Note that to create a 4 point pharmacophore check the Create 4 feature pharmacophores box prior to generating the fingerprints
5. Similarity searching (lead follow-up) using 3D fingerprints
This will select the 20 most similar molecules to molecule 1 in terms of their 3 point pharmacophore patterns.
| Check both the Compare Individual Molecules to Reference Library and the Create Histogram of New and Common Pharmacophores checkboxes and push the Compare Libraries button. |
The libraries are compared by summing the number of different pharmacophores present in the candidate and reference library.
A report in the text port shows the 10 molecules that should be added to the reference library to add the most new pharmacophore triangles not already present in the reference library; these rows are highlighted in the study table.
A new diversity and similarity metric has been implemented based on generating a "modal fingerprint" for a set of N molecules, in which a bit will be "On" if it is present in at least one of the molecules in the set. It will work for both 2D and 3D fingerprints.
| Go to the LIBRARY ANALYSIS card located on the COMBICHEM-I card deck and select the Show Study Table menu item. |
This will select a library which is design to maximize the number of on bits in the modal fingerprint of the selected library. The optimum value reported in the text box shows the fraction of bits set in the modal fingerprint of the subset library over the number of bits set in the virtual library at the conclusion of the optimization.
Fingerprinting and clustering (C2·LibEngine)
C2·LibEngine uses a Markush representation of a library to rapidly produce Lipinski properties, fingerprints and, optionally, runs clustering on large combinatorial libraries. This is done without having to enumerate the library structures, but produces exact property values and fingerprints which include all the fragments that would cross R-group boundaries. Input is an MDL RG file, which may be exported from the analog builder (see the C2·Analog tutorial) or obtained from other software such as MDLs Project Library or Central Library. The software can optionally enumerate a library to smiles, but this is not required to calculate the properties and/or fingerprints.
| Go to the LIB ENGINE card located on the COMBICHEM-II card deck and select the Setup and Run menu item. |
| Go to the BINARY DATA FILES card located on the COMBICHEM-I card deck and click Select BDF. |
| Click lib3.bdf to see the contents of the file and select the item BCI_FP bci1052.dic in the list box on the lower left. |
These fingerprints can now be used in any similarity/diversity selection method. In this case a combinatorial selection will be made using the new Fingerprint On-bits metric.
| Go to the LIBRARY ANALYSIS card located on the COMBICHEM-I card and select Restraints-->Property Ranges. |
| Click the Get Properties button, and select SlogP. Set the Upper Bound to 5 and click ADD. Select MW, set the Upper Bound to 500 and click ADD. |
| Click LIST to see if the property has been added as you just specified. |
| On the LIBRARY ANALYSIS card, select Rgroup Subsetting --> Diverse Library. |
This will select a subset of 2,4,8 reporting the reagents in the text port and creating a BDF file of the 64 selected products.
| Click lib3_RgDiv.bdf to see the contents of the file and select the mol_wt and SlogP items (Control-Click to make multiple selections). |
| Go up to the DRUG DISCOVERY card deck, select the QSAR card and click Preferences-->Histograms.... |
| Click Create Histogram and examine the distributions of molecular weight and logP in the subset that was selected. |
2. Generating a cluster file and using it for combinatorial subsetting.
In this section, relocation clustering is run directly from the Markush structure, with fingerprints generated on the fly.

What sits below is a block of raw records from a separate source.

(* For the $k$-server problem on the line, for every instance $I$, every prediction, and every $\lambda\in(0,1]$, there is $c\ge0$ depending only on the initial configuration such that $\mathrm{LambdaDC}(I)\le\beta(k)\cdot\mathrm{OPT}(I)+c$, where $\beta(k)=\sum_{i=0}^{k-1}\lambda^{-i}$.
   Context: The $k$-server problem on the line: servers on $\mathbb{R}$ labeled $s_1\le\dots\le s_k$, requests revealed online and served by moving a server to them; cost = total distance moved; $\mathrm{OPT}(I)$ is the optimal offline cost. A prediction gives for each request $r_t$ an index $p_t\in\{1,\dots,k\}$. LambdaDC with parameter $\lambda$: if $r_t<s_1$ or $r_t>s_k$, move only the closest server; if $s_i<r_t<s_{i+1}$ and $p_t\le i$, move $s_i$ at speed $1$ and $s_{i+1}$ at speed $\lambda$ towards $r_t$ until one reaches it; if $p_t\ge i+1$, the speeds are swapped. *)

theory Defs
  imports Complex_Main
begin

text \<open>A configuration is a function s :: nat => real, of which
  only the values s 1, ..., s k (the server positions, labelled so that
  s 1 <= ... <= s k) are relevant. An instance (for a fixed initial configuration)
  is a list of pairs (r_t, p_t): the request r_t and its predicted index p_t.\<close>

definition config_dist :: "nat \<Rightarrow> (nat \<Rightarrow> real) \<Rightarrow> (nat \<Rightarrow> real) \<Rightarrow> real" where
  "config_dist k s s' = (\<Sum>j\<in>{1..k}. \<bar>s' j - s j\<bar>)"

definition lambda_dc_step ::
  "real \<Rightarrow> nat \<Rightarrow> (nat \<Rightarrow> real) \<Rightarrow> real \<Rightarrow> nat \<Rightarrow> (nat \<Rightarrow> real)" where
  "lambda_dc_step lam k s r p =
     (if r < s 1 then s(1 := r)
      else if s k < r then s(k := r)
      else if (\<exists>i. 1 \<le> i \<and> i < k \<and> s i < r \<and> r < s (Suc i)) then
        (let i = (LEAST i. 1 \<le> i \<and> i < k \<and> s i < r \<and> r < s (Suc i)) in
         if p \<le> i then
           (let t = min (r - s i) ((s (Suc i) - r) / lam)
            in s(i := s i + t, Suc i := s (Suc i) - lam * t))
         else
           (let t = min ((r - s i) / lam) (s (Suc i) - r)
            in s(i := s i + lam * t, Suc i := s (Suc i) - t)))
      else s)"

fun lambda_dc_cost ::
  "real \<Rightarrow> nat \<Rightarrow> (nat \<Rightarrow> real) \<Rightarrow> (real \<times> nat) list \<Rightarrow> real" where
  "lambda_dc_cost lam k s [] = 0"
| "lambda_dc_cost lam k s ((r, p) # I) =
     (let s' = lambda_dc_step lam k s r p
      in config_dist k s s' + lambda_dc_cost lam k s' I)"
(* Let $X$ be a real lush Banach space. Then $n_L(X)=1$.
   Context: A real Banach space $X$ is lush if for every $x,y\in S_X$ and every $\varepsilon>0$ there is $y^*\in S_{X^*}$ such that, with the slice $S=S(y^*,\varepsilon)=\{z\in B_X: y^*(z)>1-\varepsilon\}$, one has $y\in S$ and $\mathrm{dist}(x,\mathrm{aco}(S))<\varepsilon$, where $\mathrm{aco}(S)$ is the absolutely convex hull of $S$. $\mathrm{Lip}_0(X)$ is the set of Lipschitz maps $T:X\to X$ with $T(0)=0$, with $\|T\|_L=\sup\{\|Tx-Ty\|/\|x-y\|: x\neq y\}$. $D(x)=\{x^*\in X^*: x^*(x)=\|x^*\|\|x\|=\|x\|^2\}$; $\omega(T)=\sup\{|f(Tx-Ty)|/\|x-y\|^2: x\neq y,\ f\in D(x-y)\}$; $n_L(X)=\inf\{\omega(T): T\in\mathrm{Lip}_0(X),\ \|T\|_L=1\}$. *)

theory Defs
  imports "HOL-Analysis.Analysis"
begin

definition dual_sphere :: "('a::real_normed_vector \<Rightarrow> real) set" where
  "dual_sphere = {f. bounded_linear f \<and> onorm f = 1}"

definition slice :: "('a::real_normed_vector \<Rightarrow> real) \<Rightarrow> real \<Rightarrow> 'a set" where
  "slice f eps = {z. z \<in> cball 0 1 \<and> f z > 1 - eps}"

definition aco :: "'a::real_vector set \<Rightarrow> 'a set" where
  "aco S = convex hull (S \<union> uminus ` S)"

definition lush :: "'a::real_normed_vector itself \<Rightarrow> bool" where
  "lush _ \<longleftrightarrow> (\<forall>x::'a. \<forall>y::'a. \<forall>eps::real.
      x \<in> sphere 0 1 \<longrightarrow> y \<in> sphere 0 1 \<longrightarrow> eps > 0 \<longrightarrow>
      (\<exists>f\<in>dual_sphere. y \<in> slice f eps \<and> infdist x (aco (slice f eps)) < eps))"

definition duality_set :: "'a::real_normed_vector \<Rightarrow> ('a \<Rightarrow> real) set" where
  "duality_set x = {f. bounded_linear f \<and> f x = onorm f * norm x \<and> onorm f * norm x = (norm x)\<^sup>2}"

definition Lip0 :: "('a::real_normed_vector \<Rightarrow> 'a) set" where
  "Lip0 = {T. T 0 = 0 \<and> (\<exists>L. lipschitz_on L UNIV T)}"

definition lip_norm :: "('a::real_normed_vector \<Rightarrow> 'a) \<Rightarrow> real" where
  "lip_norm T = Sup {norm (T x - T y) / norm (x - y) | x y. x \<noteq> y}"

definition num_radius_L :: "('a::real_normed_vector \<Rightarrow> 'a) \<Rightarrow> real" where
  "num_radius_L T = Sup {\<bar>f (T x - T y)\<bar> / (norm (x - y))\<^sup>2 | x y f. x \<noteq> y \<and> f \<in> duality_set (x - y)}"

definition lip_num_index :: "'a::real_normed_vector itself \<Rightarrow> real" where
  "lip_num_index _ = Inf {num_radius_L T | T :: 'a \<Rightarrow> 'a. T \<in> Lip0 \<and> lip_norm T = 1}"

end

theory Submission
  imports Defs
begin

(*
  Let X be a nontrivial real lush Banach space and T : X \<rightarrow> X Lipschitz with T 0 = 0 and
  Lipschitz constant 1; write \<omega> for its Lipschitz numerical radius.

  1. A Hahn-Banach theorem for norming functionals (via Zorn's lemma on graphs of
     norm-dominated partial functionals) yields nonempty duality sets D(u).
  2. Elementary facts: T is nonexpansive, its Lipschitz norm is almost attained,
     0 \<le> \<omega> \<le> 1, and (1 - |s| \<omega>) \<parallel>u\<parallel> \<le> \<parallel>u - s (T p - T q)\<parallel> for u = p - q.
  3. Lushness turns an almost-norming pair x, y into a direction z of a slice on which
     some increment of T is almost normed by the slice functional f.
  4. Solving d' = d + s (T (q + d') - T q) by Banach's fixed point theorem and comparing
     f d' with \<parallel>d'\<parallel> gives (1 - t \<omega>)((1 - e) + t (1 - 3e)) \<le> 1 + t\<^sup>2 for small t, e > 0,
     which is impossible when \<omega> < 1 (take t = (1 - \<omega>)/4, e = t\<^sup>2/8).
*)

section \<open>A Hahn-Banach theorem for norming functionals\<close>

text \<open>A norming graph for u is the graph of a linear functional on a linear subspace,
  dominated by the norm and taking the value \<parallel>u\<parallel> at u.\<close>
definition norming_graph :: "'a::real_normed_vector \<Rightarrow> ('a \<times> real) set \<Rightarrow> bool" where
  "norming_graph u G \<longleftrightarrow>
     (\<forall>x a b. (x, a) \<in> G \<longrightarrow> (x, b) \<in> G \<longrightarrow> a = b) \<and>
     (\<forall>x a y b. (x, a) \<in> G \<longrightarrow> (y, b) \<in> G \<longrightarrow> (x + y, a + b) \<in> G) \<and>
     (\<forall>x a c. (x, a) \<in> G \<longrightarrow> (c *\<^sub>R x, c * a) \<in> G) \<and>
     (\<forall>x a. (x, a) \<in> G \<longrightarrow> a \<le> norm x) \<and>
     (u, norm u) \<in> G"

| Go up to the COMBICHEM-II card deck, select the Lib Engine card and click Setup and Run. |
This will generate the fingerprints for the 5760 members of the library and then run k-means relocation clustering to produce 64 clusters.
| Go to the LIBRARY ANALYSIS card located on the COMBICHEM-I card deck and select Rgroup Subsetting --> Diverse Library. |
This will select a subset of 2,4,8 reporting the reagents in the text port and creating a BDF file of the 64 selected products.